Tesis AisladaHistórica5a. ÉpocaS.C.J.N.
- Registro digital (IUS)
- 385153
- Tipo
- Tesis Aislada
- Época
- 5a. Época
- Instancia
- S.C.J.N.
- Fuente
- [TA]; 5a. Época; Sala Aux.; S.J.F.; Tomo CXX; Pág. 1855
HEREDERO APARENTE, VALIDEZ DE LOS ACTOS DEL.
[TA]; 5a. Época; Sala Aux.; S.J.F.; Tomo CXX; Pág. 1855
El Código Civil de 1884, al igual que algunos códigos extranjeros, no contiene un precepto que prevea de una manera específica, la suerte que deben correr los actos ejecutados por el heredero aparente, pero atendiendo a la repercusión que tales actos pueden tener con relación a terceros y al interés público que existe en la decisión de las contiendas que surjan con ese motivo, resulta justo y equitativo, para resolver las diversas situaciones jurídicas creadas por los actos de disposición de bienes, por parte de quienes tienen sobre ellos un título aparente justo, atender a la doctrina relacionada con los efectos de la buena fe de los adquirentes, sin menospreciar el derecho de los titulares verdaderos, y que varía según la condición y época en que esa disposición se realiza y más concretamente, según la buena fe de los titulares aparentes … La buena fe del enajenante se presume siempre que la enajenación se efectúe antes de que haya surgido cuestión en que alguno le discuta la legitimidad de su título, la existencia del mismo o su mejor derecho. La teoría de la validez de los actos del heredero aparente con relación a terceros de buena fe es el resultado de la investigación y la experiencia, pues a medida que las actividades de los individuos se multiplicaron fue haciéndose sentir la necesidad social de mantener la eficacia de los actos llevados a cabo con terceros de buena fe, que contratan, guardando las debidas precauciones, con desconocimiento de cualquiera irregularidad existente en los derechos de su causante; de donde se hicieron patentes las consecuencias injustas del sistema clásico de desconocer toda validez a los actos del heredero aparente, por la inseguridad absoluta que existía en las transacciones realizadas con inmuebles, que originaban la desconfianza de los compradores, para hacer inversiones sobre bienes raíces, en detrimento de la circulación de la riqueza y del crédito inmobiliario, circunstancia por la que la jurisprudencia inició un movimiento evolutivo en la aplicación de los textos y principios jurídicos, trayendo la noción de la equidad en beneficio de los adquirentes de buena fe, a quienes se les reconocen los derechos adquiridos por el acto jurídico celebrado con el heredero aparente, concediéndose al titular verdadero, la acción de repetir contra aquél y flexionando los conceptos de interpretación, para conocer la apariencia del derecho, con efectos idénticos al derecho real.
Precedentes
Amparo civil directo 4883/43. Coppe José, suc. de. 30 de junio de 1954. Unanimidad de cuatro votos.
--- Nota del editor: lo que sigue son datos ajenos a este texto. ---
lemma subring_struct_zero: "0 \<in> S"
  and subring_struct_one: "1 \<in> S"
  and subring_struct_add: "a \<in> S \<Longrightarrow> b \<in> S \<Longrightarrow> a + b \<in> S"
  and subring_struct_mult: "a \<in> S \<Longrightarrow> b \<in> S \<Longrightarrow> a * b \<in> S"
  using S.zero_closed S.one_closed S.a_closed S.m_closed by (simp_all add: subring_struct_def)

lemma subring_struct_a_inv: "a \<in> S \<Longrightarrow> \<ominus>\<^bsub>subring_struct S\<^esub> a = - a"
  using S.l_neg[of a] by (simp add: subring_struct_def eq_neg_iff_add_eq_0)

lemma subring_struct_uminus: "a \<in> S \<Longrightarrow> - a \<in> S"
  using S.a_inv_closed[of a] subring_struct_a_inv by (simp add: subring_struct_def)

lemma combinations_subset: "range g \<subseteq> S \<Longrightarrow> combinations S g N \<subseteq> S"
proof
  fix r assume "range g \<subseteq> S" "r \<in> combinations S g N"
  then obtain c where "\<forall>i<N. c i \<in> S" "r = (\<Sum>i<N. c i * g i)"
    by (auto simp: combinations_def)
  then show "r \<in> S"
    using \<open>range g \<subseteq> S\<close>
  proof (induction N arbitrary: r)
    case (Suc N)
    then show ?case
      by (auto intro!: subring_struct_add subring_struct_mult)
  qed (simp add: subring_struct_zero)
qed

lemma combinations_zero: "0 \<in> combinations S g N"
  using combinationsI[where c="\<lambda>_. 0"] subring_struct_zero by simp

lemma combinations_add:
  assumes "a \<in> combinations S g N" and "b \<in> combinations S g N"
  shows "a + b \<in> combinations S g N"
proof -
  obtain c d where c: "\<forall>i<N. c i \<in> S" and a: "a = (\<Sum>i<N. c i * g i)"
    and d: "\<forall>i<N. d i \<in> S" and b: "b = (\<Sum>i<N. d i * g i)"
    using assms by (auto simp: combinations_def)
  have "a + b = (\<Sum>i<N. (c i + d i) * g i)"
    by (simp add: a b sum.distrib distrib_right)
  moreover have "\<forall>i<N. c i + d i \<in> S"
    using c d by (simp add: subring_struct_add)
  ultimately show ?thesis
    by (simp add: combinationsI)
qed

lemma combinations_scale:
  assumes "a \<in> combinations S g N" and x: "x \<in> S"
  shows "x * a \<in> combinations S g N"
proof -
  obtain c where c: "\<forall>i<N. c i \<in> S" and a: "a = (\<Sum>i<N. c i * g i)"
    using assms(1) by (auto simp: combinations_def)
  have "x * a = (\<Sum>i<N. (x * c i) * g i)"
    by (simp add: a sum_distrib_left mult.assoc)
  moreover have "\<forall>i<N. x * c i \<in> S"
    using c x by (simp add: subring_struct_mult)
  ultimately show ?thesis
    by (simp add: combinationsI)
qed

lemma combinations_mono: "N \<le> N' \<Longrightarrow> combinations S g N \<subseteq> combinations S g N'"
proof
  fix r assume "N \<le> N'" "r \<in> combinations S g N"
  then obtain c where c: "\<forall>i<N. c i \<in> S" and r: "r = (\<Sum>i<N. c i * g i)"
    by (auto simp: combinations_def)
  define c' where "c' i = (if i < N then c i else 0)" for i
  have "r = (\<Sum>i<N'. c' i * g i)"
    using \<open>N \<le> N'\<close> unfolding r c'_def by (intro sum.mono_neutral_cong_left) auto
  moreover have "\<forall>i<N'. c' i \<in> S"
    using c subring_struct_zero by (simp add: c'_def)
  ultimately show "r \<in> combinations S g N'"
    by (simp add: combinationsI)
qed

lemma generator_in_combinations:
  assumes "i < N"
  shows "g i \<in> combinations S g N"
proof -
  have "(\<Sum>j<N. (if j = i then 1 else 0) * g j) = (\<Sum>j<N. if j = i then g j else 0)"
    by (rule sum.cong) auto
  then have "g i = (\<Sum>j<N. (if j = i then 1 else 0) * g j)"
    using assms by simp
  also have "\<dots> \<in> combinations S g N"
    by (rule combinationsI) (simp add: subring_struct_zero subring_struct_one)
  finally show ?thesis .
qed

lemma ideal_combinations:
  assumes "range g \<subseteq> S"
  shows "ideal (combinations S g N) (subring_struct S)"
proof (rule idealI[OF ring_S])
  show "subgroup (combinations S g N) (add_monoid (subring_struct S))"
  proof (rule S.add.subgroupI)
    show "combinations S g N \<subseteq> carrier (subring_struct S)"
      using combinations_subset[OF assms] by (simp add: subring_struct_def)
    show "combinations S g N \<noteq> {}"
      using combinations_zero by blast
    show "\<ominus>\<^bsub>subring_struct S\<^esub> a \<in> combinations S g N" if "a \<in> combinations S g N" for a
    proof -
      have "a \<in> S"
        using that combinations_subset[OF assms] by blast
      then show ?thesis
        using combinations_scale[OF that subring_struct_uminus[OF subring_struct_one]] by (simp add: subring_struct_a_inv)
    qed
    show "a \<oplus>\<^bsub>subring_struct S\<^esub> b \<in> combinations S g N"
      if "a \<in> combinations S g N" "b \<in> combinations S g N" for a b
      using combinations_add[OF that] by (simp add: subring_struct_def)
  qed
next
  fix a x assume "a \<in> combinations S g N" and "x \<in> carrier (subring_struct S)"
  then have xa: "x * a \<in> combinations S g N"
    by (simp add: combinations_scale subring_struct_def)
  then show "x \<otimes>\<^bsub>subring_struct S\<^esub> a \<in> combinations S g N"
    by (simp add: subring_struct_def)
  from xa show "a \<otimes>\<^bsub>subring_struct S\<^esub> x \<in> combinations S g N"
    by (simp add: subring_struct_def mult.commute)
qed

end

lemma noetherian_recurrence:
  assumes noeth: "noetherian_ring (subring_struct S)" and g: "range g \<subseteq> S"
  obtains M where "g M \<in> combinations S g M"
proof -
  interpret noetherian_ring "subring_struct S"
    by (fact noeth)
  have ring_S: "ring (subring_struct S)"
    by (fact ring_axioms)
  have "\<Union>(range (combinations S g)) \<in> range (combinations S g)"
  proof (rule ideal_chain_is_trivial)
    have "combinations S g m \<subseteq> combinations S g n \<or> combinations S g n \<subseteq> combinations S g m" for m n
      using combinations_mono[OF ring_S] nat_le_linear by blast
    then show "subset.chain {I. ideal I (subring_struct S)} (range (combinations S g))"
      using ideal_combinations[OF ring_S g] by (auto simp: subset_chain_def)
  qed simp
  then obtain M where "\<Union>(range (combinations S g)) = combinations S g M"
    by blast
  moreover have "g M \<in> combinations S g (Suc M)"
    by (rule generator_in_combinations[OF ring_S]) simp
  ultimately show thesis
    using that by blast
qed

section \<open>The automorphism \<open>\<sigma>\<close>\<close>

lemma invariant_set_eq_fixed_points:
  assumes "inj \<sigma>"
  shows "invariant_set \<sigma> = {r. \<sigma> r = r}"
proof (intro equalityI subsetI)
  fix r assume "r \<in> invariant_set \<sigma>"
  then have "(\<sigma> ^^ 1) r = r"
    unfolding invariant_set_def by blast
  then show "r \<in> {r. \<sigma> r = r}"
    by simp
next
  fix r assume "r \<in> {r. \<sigma> r = r}"
  then have "\<sigma> r = r" "inv_into UNIV \<sigma> r = r"
    using assms by (auto intro: inv_f_eq)
  then show "r \<in> invariant_set \<sigma>"
    by (auto simp: invariant_set_def funpow_fixed_point)
qed

locale sigma_map =
  fixes \<sigma> :: "'f::field Rring \<Rightarrow> 'f Rring"
  assumes is_sigma: "is_sigma \<sigma>"
begin
(* Let $H$ be a complex Hilbert space and $\{\mathcal{U}(t)\}_{t\geq 0}$ a strongly continuous semigroup on $H$ with generator $\mathcal{L}$. Let $z\in D(\mathcal{L})\cap D(\mathcal{L}^\dagger)$ with $z\neq0$, $\mathcal{P}:=(\cdot,z)(z,z)^{-1}z$, $\mathcal{Q}:=1-\mathcal{P}$. Let $K:\mathbb{R}_+\to\mathbb{C}$ be the unique continuous solution of $$K(t)=(\mathcal{U}(t)\mathcal{QL}z,\mathcal{Q}\mathcal{L}^\dagger z)(z,z)^{-1}-\int_0^tK(t-s)\,(\mathcal{U}(s)z,\mathcal{Q}\mathcal{L}^\dagger z)(z,z)^{-1}\,ds,$$ and let $\eta_t:=\mathcal{U}(t)\mathcal{QL}z-\int_0^tK(t-s)\,\mathcal{U}(s)z\,ds$. Then $(\eta_t,z)=0$ for all $t\ge0$.
   Context: The scalar product $(\cdot,\cdot)$ on $H$ is conjugate-linear in its second argument. The generator is $\mathcal{L}x:=\lim_{h\searrow 0}\frac1h[\mathcal{U}(h)x-x]$ on the set $D(\mathcal{L})$ where the limit exists; $\dagger$ denotes the adjoint. Vector-valued integrals are Bochner integrals. *)

theory Defs
  imports "HOL-Analysis.Analysis"
begin

text \<open>The distribution has no complex vector spaces /
complex inner products, so we introduce them as a type class: a real Banach space
with a complex scalar multiplication extending the real one, and a complex inner
product, linear in the first and conjugate-linear in the second argument, which
induces the norm.\<close>

class complex_hilbert = banach +
  fixes scaleC :: "complex \<Rightarrow> 'a \<Rightarrow> 'a" (infixr \<open>*\<^sub>C\<close> 75)
    and cinner :: "'a \<Rightarrow> 'a \<Rightarrow> complex"
  assumes scaleC_add_right: "a *\<^sub>C (x + y) = a *\<^sub>C x + a *\<^sub>C y"
    and scaleC_add_left: "(a + b) *\<^sub>C x = a *\<^sub>C x + b *\<^sub>C x"
    and scaleC_scaleC: "a *\<^sub>C (b *\<^sub>C x) = (a * b) *\<^sub>C x"
    and scaleC_one: "1 *\<^sub>C x = x"
    and scaleR_scaleC: "r *\<^sub>R x = complex_of_real r *\<^sub>C x"
    and cinner_add_left: "cinner (x + y) w = cinner x w + cinner y w"
    and cinner_scaleC_left: "cinner (a *\<^sub>C x) y = a * cinner x y"
    and cinner_commute: "cinner x y = cnj (cinner y x)"
    and cinner_self_nonneg: "0 \<le> Re (cinner x x)"
    and cinner_self_real: "Im (cinner x x) = 0"
    and cinner_self_eq_zero: "cinner x x = 0 \<longleftrightarrow> x = 0"
    and norm_eq_sqrt_cinner: "norm x = sqrt (Re (cinner x x))"

definition bounded_clinear_op :: "('a::complex_hilbert \<Rightarrow> 'a) \<Rightarrow> bool" where
  "bounded_clinear_op T \<longleftrightarrow>
     (\<forall>x y. T (x + y) = T x + T y) \<and> (\<forall>c x. T (c *\<^sub>C x) = c *\<^sub>C T x) \<and>
     (\<exists>C. \<forall>x. norm (T x) \<le> C * norm x)"

text \<open>Strongly continuous semigroup \<open>{U t}\<^sub>t\<^sub>\<ge>\<^sub>0\<close> (only \<open>t \<ge> 0\<close> matters).\<close>
definition strongly_continuous_semigroup :: "(real \<Rightarrow> 'a::complex_hilbert \<Rightarrow> 'a) \<Rightarrow> bool" where
  "strongly_continuous_semigroup U \<longleftrightarrow>
     (\<forall>t\<ge>0. bounded_clinear_op (U t)) \<and>
     U 0 = id \<and>
     (\<forall>s\<ge>0. \<forall>t\<ge>0. U (s + t) = U s \<circ> U t) \<and>
     (\<forall>x. continuous_on {0..} (\<lambda>t. U t x))"

definition gen_dom :: "(real \<Rightarrow> 'a::complex_hilbert \<Rightarrow> 'a) \<Rightarrow> 'a set" where
  "gen_dom U = {x. \<exists>y. ((\<lambda>h. (1 / h) *\<^sub>R (U h x - x)) \<longlongrightarrow> y) (at_right 0)}"

definition gen :: "(real \<Rightarrow> 'a::complex_hilbert \<Rightarrow> 'a) \<Rightarrow> 'a \<Rightarrow> 'a" where
  "gen U x = Lim (at_right 0) (\<lambda>h. (1 / h) *\<^sub>R (U h x - x))"

definition gen_adj_dom :: "(real \<Rightarrow> 'a::complex_hilbert \<Rightarrow> 'a) \<Rightarrow> 'a set" where
  "gen_adj_dom U = {y. \<exists>w. \<forall>x\<in>gen_dom U. cinner (gen U x) y = cinner x w}"

definition gen_adj :: "(real \<Rightarrow> 'a::complex_hilbert \<Rightarrow> 'a) \<Rightarrow> 'a \<Rightarrow> 'a" where
  "gen_adj U y = (SOME w. \<forall>x\<in>gen_dom U. cinner (gen U x) y = cinner x w)"

definition projP :: "'a::complex_hilbert \<Rightarrow> 'a \<Rightarrow> 'a" where
  "projP z x = (cinner x z / cinner z z) *\<^sub>C z"

definition projQ :: "'a::complex_hilbert \<Rightarrow> 'a \<Rightarrow> 'a" where
  "projQ z x = x - projP z x"

end

(*
  Fix T and put h t = (U t QLz, z)/(z,z) and g t = (U t z, z)/(z,z). For z in the domain of the
  adjoint generator, t \<mapsto> (U t x, z) is differentiable with derivative (U t x, L\<dagger>z) for every x
  (not only x in the domain of L: integrate the orbit first). Splitting L\<dagger>z = QL\<dagger>z + PL\<dagger>z, h and g
  solve linear equations y' = a + \<beta> y and y' = c + \<beta> y with the same \<beta>, h 0 = 0 and g 0 = 1, where a
  and c are exactly the two inhomogeneities of the Volterra equation for K. Differentiating the
  convolution K * g and using that equation shows that K * g solves the same initial value problem as
  h, so h = K * g on [0, T], which is (\<eta> T, z) = 0.
*)

theory Submission
  imports Defs
begin

section \<open>Complex inner product spaces\<close>

lemma cinner_zero_left [simp]: "cinner 0 y = 0"
  using cinner_add_left[of 0 0 y] by simp

lemma cinner_minus_left: "cinner (- x) y = - cinner x y"
  using cinner_add_left[of x "- x" y] by (simp add: eq_neg_iff_add_eq_0 add.commute)

lemma cinner_diff_left: "cinner (x - y) w = cinner x w - cinner y w"
  using cinner_add_left[of x "- y" w] by (simp add: cinner_minus_left)

lemma cinner_zero_right [simp]: "cinner x 0 = 0"
  using cinner_commute[of x 0] by simp

lemma cinner_diff_right: "cinner x (y - w) = cinner x y - cinner x w"
  by (metis cinner_commute cinner_diff_left complex_cnj_diff)

lemma cinner_scaleC_right: "cinner x (a *\<^sub>C y) = cnj a * cinner x y"
  by (metis cinner_commute cinner_scaleC_left complex_cnj_mult)

lemma cinner_scaleR_left: "cinner (r *\<^sub>R x) y = of_real r * cinner x y"
  by (simp add: scaleR_scaleC cinner_scaleC_left)

lemma cinner_self_eq_power2_norm: "cinner x x = of_real ((norm x)\<^sup>2)"
  using cinner_self_real[of x] cinner_self_nonneg[of x]
  by (simp add: norm_eq_sqrt_cinner complex_eq_iff)

lemma norm_scaleC: "norm (a *\<^sub>C x) = cmod a * norm x"
proof -
  have "cinner (a *\<^sub>C x) (a *\<^sub>C x) = (a * cnj a) * cinner x x"
    by (simp add: cinner_scaleC_left cinner_scaleC_right)
  then have "(norm (a *\<^sub>C x))\<^sup>2 = (cmod a * norm x)\<^sup>2"
    by (simp add: cinner_self_eq_power2_norm complex_norm_square[symmetric] power_mult_distrib
        del: of_real_power) (metis of_real_eq_iff of_real_mult)
  then show ?thesis
    by (simp add: power2_eq_iff_nonneg)
qed

lemma bounded_bilinear_scaleC: "bounded_bilinear (\<lambda>a (x::'a::complex_hilbert). a *\<^sub>C x)"
proof (rule bounded_bilinear.intro)
  show "\<exists>K. \<forall>a (x::'a). norm (a *\<^sub>C x) \<le> norm a * norm x * K"
    by (rule exI[of _ 1]) (simp add: norm_scaleC)
qed (simp_all add: scaleC_add_left scaleC_add_right scaleR_scaleC scaleC_scaleC scaleR_conv_of_real
    mult.commute)

lemma cinner_Cauchy_Schwarz: "cmod (cinner x y) \<le> norm x * norm y"
proof (cases "y = 0")
  case False
  define a where "a = cinner x y"
  define Y where "Y = (norm y)\<^sup>2"
  have "Y > 0"
    using False by (simp add: Y_def)
  define l where "l = a / of_real Y"
  \<comment> \<open>Pythagoras for the component of \<open>x\<close> orthogonal to \<open>y\<close>.\<close>
  have "cinner (x - l *\<^sub>C y) (x - l *\<^sub>C y) = cinner x x - of_real ((cmod a)\<^sup>2 / Y)"
  proof -
    have "cinner (x - l *\<^sub>C y) (x - l *\<^sub>C y) = cinner x x - cnj l * a - l * cnj a + l * cnj l * of_real Y"
      by (simp add: cinner_diff_left cinner_diff_right cinner_scaleC_left cinner_scaleC_right
          cinner_self_eq_power2_norm[of y, folded Y_def] cinner_commute[of y x] a_def algebra_simps)
    also have "\<dots> = cinner x x - a * cnj a / of_real Y"
      using \<open>Y > 0\<close> by (simp add: l_def field_simps)
    finally show ?thesis
      by (simp add: complex_norm_square[symmetric] del: of_real_power)
  qed
  then have "(cmod a)\<^sup>2 / Y \<le> (norm x)\<^sup>2"
    using cinner_self_nonneg[of "x - l *\<^sub>C y"] by (simp add: cinner_self_eq_power2_norm)
  then have "(cmod a)\<^sup>2 \<le> (norm x * norm y)\<^sup>2"
    using \<open>Y > 0\<close> by (simp add: Y_def pos_divide_le_eq power_mult_distrib)
  then show ?thesis
    unfolding a_def by (rule power2_le_imp_le) simp
qed simp

lemma bounded_linear_cinner_left: "bounded_linear (\<lambda>x. cinner x y)"
proof (rule bounded_linear_intro[of _ "norm y"])
  show "norm (cinner x y) \<le> norm x * norm y" for x
    using cinner_Cauchy_Schwarz[of x y] by simp
qed (simp_all add: cinner_add_left cinner_scaleR_left scaleR_conv_of_real)

lemma cinner_integral_left:
  assumes "f integrable_on S"
  shows "cinner (integral S f) y = integral S (\<lambda>s. cinner (f s) y)"
  using integral_linear[OF assms bounded_linear_cinner_left, of y] by (simp add: o_def)

lemma cinner_integral_scaleC_left:
  fixes c :: "real \<Rightarrow> complex" and f :: "real \<Rightarrow> 'a::complex_hilbert"
  assumes "continuous_on {a..b} c" and "continuous_on {a..b} f"
  shows "cinner (integral {a..b} (\<lambda>s. c s *\<^sub>C f s)) y = integral {a..b} (\<lambda>s. c s * cinner (f s) y)"
proof -
  have "(\<lambda>s. c s *\<^sub>C f s) integrable_on {a..b}"
    by (rule integrable_continuous_real bounded_bilinear.continuous_on[OF bounded_bilinear_scaleC assms])+
  then show ?thesis
    by (simp add: cinner_integral_left cinner_scaleC_left)
qed

lemma cinner_split_projQ:
  "cinner y w = cinner y (projQ z w) + cnj (cinner w z / cinner z z) * cinner y z"
  by (simp add: projQ_def projP_def cinner_diff_right cinner_scaleC_right)

lemma cinner_projQ_left_self: "cinner (projQ z x) z = 0"
  by (cases "z = 0")
     (simp_all add: projQ_def projP_def cinner_diff_left cinner_scaleC_left cinner_self_eq_zero)

lemma bounded_clinear_op_imp_bounded_linear:
  assumes "bounded_clinear_op T"
  shows "bounded_linear T"
proof -
  from assms obtain C where add: "\<And>x y. T (x + y) = T x + T y"
    and scale: "\<And>c x. T (c *\<^sub>C x) = c *\<^sub>C T x" and bound: "\<And>x. norm (T x) \<le> C * norm x"
    unfolding bounded_clinear_op_def by blast
  show ?thesis
    by (rule bounded_linear_intro[of _ C]) (simp_all add: add scale bound scaleR_scaleC mult.commute)
qed
lemma surj_levels_induct:
  fixes \<sigma> :: "nat \<Rightarrow> nat"
  assumes surj: "\<sigma> ` {1..n} = {1..K}"
    and step: "\<And>i j. i \<in> {1..n} \<Longrightarrow> j \<in> {1..n} \<Longrightarrow> \<sigma> j = \<sigma> i + 1 \<Longrightarrow> R i j"
    and trans: "\<And>i h j. i \<in> {1..n} \<Longrightarrow> h \<in> {1..n} \<Longrightarrow> j \<in> {1..n} \<Longrightarrow>
                  \<sigma> i < \<sigma> h \<Longrightarrow> \<sigma> h < \<sigma> j \<Longrightarrow> R i h \<Longrightarrow> R h j \<Longrightarrow> R i j"
    and ij: "i \<in> {1..n}" "j \<in> {1..n}" "\<sigma> i < \<sigma> j"
  shows "R i j"
proof -
  have "j \<in> {1..n} \<Longrightarrow> \<sigma> j = \<sigma> i + Suc d \<Longrightarrow> R i j" for d j
  proof (induction d arbitrary: j)
    case 0
    then show ?case using step ij(1) by simp
  next
    case (Suc d)
    have "\<sigma> i \<in> {1..K}" "\<sigma> j \<in> {1..K}"
      using surj ij(1) Suc.prems(1) by blast+
    then have "\<sigma> i + Suc d \<in> {1..K}" using Suc.prems(2) by auto
    then obtain h where h: "h \<in> {1..n}" "\<sigma> h = \<sigma> i + Suc d"
      using surj by (metis imageE)
    show ?case
    proof (rule trans[OF ij(1) h(1) Suc.prems(1)])
      show "\<sigma> i < \<sigma> h" "\<sigma> h < \<sigma> j" using h Suc.prems(2) by simp_all
      show "R i h" using Suc.IH[OF h] .
      show "R h j" using step[OF h(1) Suc.prems(1)] h(2) Suc.prems(2) by simp
    qed
  qed
  moreover obtain d where "\<sigma> j = \<sigma> i + Suc d" using less_imp_Suc_add[OF ij(3)] by auto
  ultimately show ?thesis using ij(2) by blast
qed
lemma barrier_of_type_I_partition:
  assumes "type_I_partition E f e1 e2 e U W A1 A2 B1 B2"
  shows "barrier V (E - {e}) f B1"
proof -
  have p: "A1 \<union> A2 = U" "A1 \<inter> A2 = {}" "B1 \<union> B2 = W" "B1 \<inter> B2 = {}"
    "card B1 = card A1 + 1" "card A2 = card B2 + 1" "edges_within E f A2 = {e1}"
    "edges_within E f B1 = {e2}" "edges_between E f A1 B2 = {e}"
    using assms unfolding type_I_partition_def by auto
  have "f e1 \<subseteq> A2" "f e2 \<subseteq> B1" using p(7,8) unfolding edges_within_def by blast+
  have isolated: "t \<notin> f x" if tx: "t \<in> A1" "x \<in> E - {e}" "f x \<subseteq> V - B1" for t x
  proof
    assume "t \<in> f x"
    consider "x = e1" | "x = e2" | "x \<in> E - {e1, e2}" using tx(2) by blast
    then show False
    proof cases
      case 1
      then show False using \<open>t \<in> f x\<close> tx(1) \<open>f e1 \<subseteq> A2\<close> p(2) by blast
    next
      case 2
      then show False using tx(3) \<open>f e2 \<subseteq> B1\<close> \<open>t \<in> f x\<close> by blast
    next
      case 3
      obtain u w where "u \<in> U" "w \<in> W" "f x = {u, w}"
        using bipartition_edgeE[OF bip 3] tx(3) by blast
      then have "w \<in> B2" using tx(3) p(3) by blast
      then have "x \<in> edges_between E f A1 B2"
        using \<open>t \<in> f x\<close> tx(1,2) \<open>f x = {u, w}\<close> unfolding edges_between_def by blast
      then show False using p(9) tx(2) by blast
    qed
  qed
  show ?thesis
  proof (rule barrier_by_isolated_vertices[OF mgraph_mono[OF mgraph] has_pm_minus_e])
    show "B1 \<subseteq> V" "A1 \<subseteq> V - B1" using p(1-3) sides by blast+
    show "B1 \<noteq> {}" using p(5) by auto
    have "V - B1 - A1 = A2 \<union> B2" "A2 \<inter> B2 = {}" "finite A2" "finite B2"
      using p(1-4) sides finite_sides by auto
    then show "odd (card (V - B1 - A1))" using p(6) by (simp add: card_Un_disjoint)
  qed (use p(5) isolated in auto)
qed

end

theorem mainTheorem6:
  fixes V :: "'v set" and E :: "'e set" and f :: "'e \<Rightarrow> 'v set"
    and e1 e2 e :: 'e and U W :: "'v set"
  assumes brick: "brick V E f"
    and mc: "matching_covered V E f"
    and e12: "e1 \<in> E" "e2 \<in> E" "e1 \<noteq> e2"
    and H_mc: "matching_covered V (E - {e1, e2}) f"
    and H_bip: "bipartition V (E - {e1, e2}) f U W"
    and e1U: "f e1 \<subseteq> U" and e2W: "f e2 \<subseteq> W"
    and eE: "e \<in> E" "e \<notin> {e1, e2}"
    and e_nonrem: "\<not> removable V E f e"
    and typeI: "removable V (E - {e1, e2}) f e"
  shows "(\<exists>A1 A2 B1 B2.
            A1 \<union> A2 = U \<and> A1 \<inter> A2 = {} \<and> B1 \<union> B2 = W \<and> B1 \<inter> B2 = {}
          \<and> card B1 = card A1 + 1 \<and> card A2 = card B2 + 1
          \<and> edges_within E f A2 = {e1} \<and> edges_within E f B1 = {e2}
          \<and> edges_between E f A1 B2 = {e})
       \<and> (\<forall>A1 A2 B1 B2.
            A1 \<union> A2 = U \<and> A1 \<inter> A2 = {} \<and> B1 \<union> B2 = W \<and> B1 \<inter> B2 = {}
          \<and> card B1 = card A1 + 1 \<and> card A2 = card B2 + 1
          \<and> edges_within E f A2 = {e1} \<and> edges_within E f B1 = {e2}
          \<and> edges_between E f A1 B2 = {e}
          \<longrightarrow> barrier V (E - {e}) f B1 \<and> barrier V (E - {e}) f A2)"
proof -
  have mg: "mgraph V E f" using mc unfolding matching_covered_def by blast
  have mc_He: "matching_covered V (E - {e1, e2} - {e}) f" using typeI unfolding removable_def by blast
  interpret G: type_I_setting V E f e1 e2 e U W
    using mg e12 eE H_bip e1U e2W mc_He by unfold_locales auto
  interpret G': type_I_setting V E f e2 e1 e W U
    using mg e12 eE bipartition_swap[OF H_bip] e1U e2W mc_He by unfold_locales (auto simp: insert_commute)
  have adm: "admissible V E f e1" "admissible V E f e2" using mc e12 unfolding matching_covered_def by auto
  have "\<not> admissible V (E - {e}) f e1 \<or> \<not> admissible V (E - {e}) f e2"
    using inadmissible_if_nonremovable[OF e_nonrem eE(1) mg mc_He] by blast
  then have "\<exists>A1 A2 B1 B2. type_I_partition E f e1 e2 e U W A1 A2 B1 B2"
  proof
    assume "\<not> admissible V (E - {e}) f e2"
    then obtain A1 A2 B1 B2 where "type_I_partition E f e2 e1 e W U A1 A2 B1 B2"
      using G'.type_I_partition_if_inadmissible[OF adm(2)] by blast
    then show ?thesis using type_I_partition_swap by metis
  qed (use G.type_I_partition_if_inadmissible[OF adm(1)] in blast)
  moreover have "barrier V (E - {e}) f B1 \<and> barrier V (E - {e}) f A2"
    if "type_I_partition E f e1 e2 e U W A1 A2 B1 B2" for A1 A2 B1 B2
    using G.barrier_of_type_I_partition[OF that] G'.barrier_of_type_I_partition[OF type_I_partition_swap[OF that]]
    by blast
  ultimately show ?thesis unfolding type_I_partition_def by blast
qed

end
Ausente: Mariano Azuela. La publicación no menciona el nombre del ponente.
Véase: Semanario Judicial de la Federación, Quinta Época, Tomo LVII, página 2524, tesis de rubro "HEREDERO APARENTE, VALIDEZ DE LOS ACTOS DEL.".
Semanario Judicial de la Federación, Quinta Época, Tomo CXIX, página 205, tesis de rubro "HEREDERO APARENTE, VALIDEZ DE LOS ACTOS DE.".